lemma rtrancl_adj_distinct_path:
  assumes "(x, y) \<in> (adj F)\<^sup>*"
  obtains ps where "ps \<noteq> []" "hd ps = x" "last ps = y" "distinct ps" "walk_edges ps \<subseteq> F"
proof -
  from assms have "\<exists>ps. ps \<noteq> [] \<and> hd ps = x \<and> last ps = y \<and> distinct ps \<and> walk_edges ps \<subseteq> F"
  proof (induction rule: rtrancl_induct)
    case base
    show ?case by (intro exI[of _ "[x]"]) simp
  next
    case (step y z)
    then obtain ps where ps: "ps \<noteq> []" "hd ps = x" "last ps = y" "distinct ps" "walk_edges ps \<subseteq> F"
      by blast
    have yz: "{y, z} \<in> F" using step(2) by (simp add: adj_def)
    show ?case
    proof (cases "z \<in> set ps")
      case True
      then obtain as bs where ab: "ps = as @ z # bs" by (meson split_list)
      have "walk_edges (as @ [z]) \<subseteq> F"
        using ps(5) unfolding ab walk_edges_append[of as z bs] by blast
      moreover have "hd (as @ [z]) = x" using ps(2) ab by (cases as) simp_all
      ultimately show ?thesis using ps(4) ab by (intro exI[of _ "as @ [z]"]) simp
    next
      case False
      then show ?thesis using ps yz by (intro exI[of _ "ps @ [z]"]) (simp add: walk_edges_snoc)
    qed
  qed
  then show ?thesis using that by blast
qed

lemma closed_distinct_path_not_acyclic:
  assumes "distinct ps" "length ps \<ge> 3" "walk_edges ps \<subseteq> E" "{last ps, hd ps} \<in> E"
  shows "\<not> acyclic_graph E"
proof -
  have "{ps ! i, ps ! ((i + 1) mod length ps)} \<in> E" if i: "i < length ps" for i
  proof (cases "Suc i < length ps")
    case True
    then have "{ps ! i, ps ! Suc i} \<in> E" using assms(3) unfolding walk_edges_conv_nth by blast
    then show ?thesis using True by simp
  next
    case False
    then have "i = length ps - 1" "Suc i = length ps" using i by simp_all
    moreover have "ps \<noteq> []" using assms(2) by auto
    ultimately have "ps ! i = last ps" "(i + 1) mod length ps = 0"
      by (simp_all add: last_conv_nth)
    moreover have "ps ! 0 = hd ps" using assms(2) by (cases ps) auto
    ultimately show ?thesis using assms(4) by (simp add: insert_commute)
  qed
  then show ?thesis using assms(1,2) unfolding acyclic_graph_def by blast
qed

section \<open>Rooted graphs and trees oriented away from the root\<close>

locale connected_rooted_graph =
  fixes V :: "'v set" and E :: "'v set set" and r :: 'v
  assumes rooted: "rooted_graph V E r" and connected: "connected_graph V E"
begin

lemma finite_V: "finite V" and root_in_V: "r \<in> V"
  using rooted by (auto simp: rooted_graph_def)

lemma edgeE:
  assumes "e \<in> E"
  obtains a b where "e = {a, b}" "a \<noteq> b" "a \<in> V" "b \<in> V"
  using rooted assms by (auto simp: rooted_graph_def)

lemma edges_subset_Pow: "E \<subseteq> Pow V"
  by (auto elim: edgeE)

lemma finite_E: "finite E"
  using edges_subset_Pow finite_V by (meson finite_Pow_iff finite_subset)

lemma rtrancl_adj_connected: "u \<in> V \<Longrightarrow> v \<in> V \<Longrightarrow> (u, v) \<in> (adj E)\<^sup>*"
  using connected by (auto simp: connected_graph_def)

lemma edge_other_endpoint: "e \<in> E \<Longrightarrow> x \<in> e \<Longrightarrow> \<exists>y. e = {x, y} \<and> x \<noteq> y"
  by (auto elim!: edgeE)

lemma edge_endpoints_distinct: "{x, y} \<in> E \<Longrightarrow> x \<noteq> y"
  by (metis doubleton_eq_iff edgeE)

abbreviation root_comp :: "'v set \<Rightarrow> 'v set" where
  "root_comp e \<equiv> reach (E - {e}) r"

lemma root_in_root_comp: "r \<in> root_comp e"
  by (auto simp: reach_def)

lemma root_comp_edge_closed:
  assumes "e \<in> E" "e \<noteq> f" "a \<in> e" "b \<in> e" "a \<in> root_comp f"
  shows "b \<in> root_comp f"
proof (cases "a = b")
  case False
  then have "e = {a, b}" using assms(1,3,4) by (auto elim!: edgeE)
  then show ?thesis using reach_step[OF assms(5), of b] assms(1,2) by auto
qed (use assms in auto)

lemma edge_meets_root_comp:
  assumes "e \<in> E"
  shows "\<exists>x\<in>e. x \<in> root_comp e"
proof -
  obtain a b where ab: "e = {a, b}" "a \<noteq> b" "a \<in> V" "b \<in> V" by (rule edgeE[OF assms])
  have "x \<in> root_comp e \<or> a \<in> root_comp e \<or> b \<in> root_comp e" if "(r, x) \<in> (adj E)\<^sup>*" for x
    using that
  proof (induction rule: rtrancl_induct)
    case base then show ?case using root_in_root_comp by blast
  next
    case (step y z)
    have yz: "{y, z} \<in> E" using step(2) unfolding adj_def by blast
    show ?case
    proof (cases "{y, z} = e")
      case True
      then have "y = a \<or> y = b" using ab(1) by blast
      then show ?thesis using step(3) by blast
    next
      case False
      then show ?thesis using yz step(3) reach_step[of y "E - {e}" r z] by blast
    qed
  qed
  then show ?thesis using rtrancl_adj_connected[OF root_in_V ab(3)] ab(1) by blast
qed

end

locale rooted_tree = connected_rooted_graph +
  assumes acyclic: "acyclic_graph E"
begin

lemma edge_not_within_root_comp:
  assumes e: "e \<in> E" "e = {a, b}" "a \<noteq> b" and a: "a \<in> root_comp e" and b: "b \<in> root_comp e"
  shows False
proof -
  have "(a, r) \<in> (adj (E - {e}))\<^sup>*" using a by (simp add: reach_def rtrancl_adj_sym)
  then have "(a, b) \<in> (adj (E - {e}))\<^sup>*" using b by (simp add: reach_def)
  then obtain ps where ps: "ps \<noteq> []" "hd ps = a" "last ps = b" "distinct ps" "walk_edges ps \<subseteq> E - {e}"
    by (rule rtrancl_adj_distinct_path)
  have "length ps \<noteq> 1" using ps(1-3) e(3) by (cases ps) auto
  moreover have "length ps \<noteq> 2"
  proof
    assume "length ps = 2"
    then obtain z y where "ps = [z, y]" by (cases ps; cases "tl ps") auto
    then show False using ps(2,3,5) e(2) by auto
  qed
  ultimately have "length ps \<ge> 3" using ps(1) by (cases "length ps") (auto simp: numeral_eq_Suc)
  moreover have "{last ps, hd ps} \<in> E" using ps(2,3) e(1,2) by (simp add: insert_commute)
  ultimately show False using closed_distinct_path_not_acyclic ps(4,5) acyclic by blast
qed

definition edge_tail :: "'a set \<Rightarrow> 'a" where
  "edge_tail e = (THE w. w \<in> e \<and> w \<in> root_comp e)"

abbreviation head :: "'a set \<Rightarrow> 'a" where "head e \<equiv> edge_head E r e"
abbreviation subtree :: "'a set \<Rightarrow> 'a set set" where "subtree e \<equiv> below E r e"
abbreviation out :: "'a \<Rightarrow> 'a set set" where "out v \<equiv> out_edges E r v"
abbreviation leaf :: "'a set \<Rightarrow> bool" where "leaf e \<equiv> leaf_edge E r e"

lemma edge_tail_head:
  assumes "e \<in> E"
  shows "e = {edge_tail e, head e}" "edge_tail e \<noteq> head e"
    "edge_tail e \<in> root_comp e" "head e \<notin> root_comp e"
proof -
  obtain a where a: "a \<in> e" "a \<in> root_comp e" using edge_meets_root_comp assms by blast
  obtain b where b: "e = {a, b}" "a \<noteq> b" using edge_other_endpoint[OF assms a(1)] by blast
  have "b \<notin> root_comp e" using edge_not_within_root_comp[OF assms b a(2)] by blast
  moreover have "edge_tail e = a" unfolding edge_tail_def
    by (rule the_equality) (use a b \<open>b \<notin> root_comp e\<close> in auto)
  moreover have "head e = b" unfolding edge_head_def
    by (rule the_equality) (use a b \<open>b \<notin> root_comp e\<close> in auto)
  ultimately show "e = {edge_tail e, head e}" "edge_tail e \<noteq> head e"
    "edge_tail e \<in> root_comp e" "head e \<notin> root_comp e"
    using a b by auto
qed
*****
■ What you are asked to do ■
Using the entries above, output exactly the lines between the line holding "(simp add: reach_def)" and the line holding "w \<in> root_comp", end lines included, and nothing more.

■ Your response ■
  then have "(a, b) \<in> (adj (E - {e}))\<^sup>*" using b by (simp add: reach_def)
  then obtain ps where ps: "ps \<noteq> []" "hd ps = a" "last ps = b" "distinct ps" "walk_edges ps \<subseteq> E - {e}"
    by (rule rtrancl_adj_distinct_path)
  have "length ps \<noteq> 1" using ps(1-3) e(3) by (cases ps) auto
  moreover have "length ps \<noteq> 2"
  proof
    assume "length ps = 2"
    then obtain z y where "ps = [z, y]" by (cases ps; cases "tl ps") auto
    then show False using ps(2,3,5) e(2) by auto
  qed
  ultimately have "length ps \<ge> 3" using ps(1) by (cases "length ps") (auto simp: numeral_eq_Suc)
  moreover have "{last ps, hd ps} \<in> E" using ps(2,3) e(1,2) by (simp add: insert_commute)
  ultimately show False using closed_distinct_path_not_acyclic ps(4,5) acyclic by blast
qed

definition edge_tail :: "'a set \<Rightarrow> 'a" where
  "edge_tail e = (THE w. w \<in> e \<and> w \<in> root_comp e)"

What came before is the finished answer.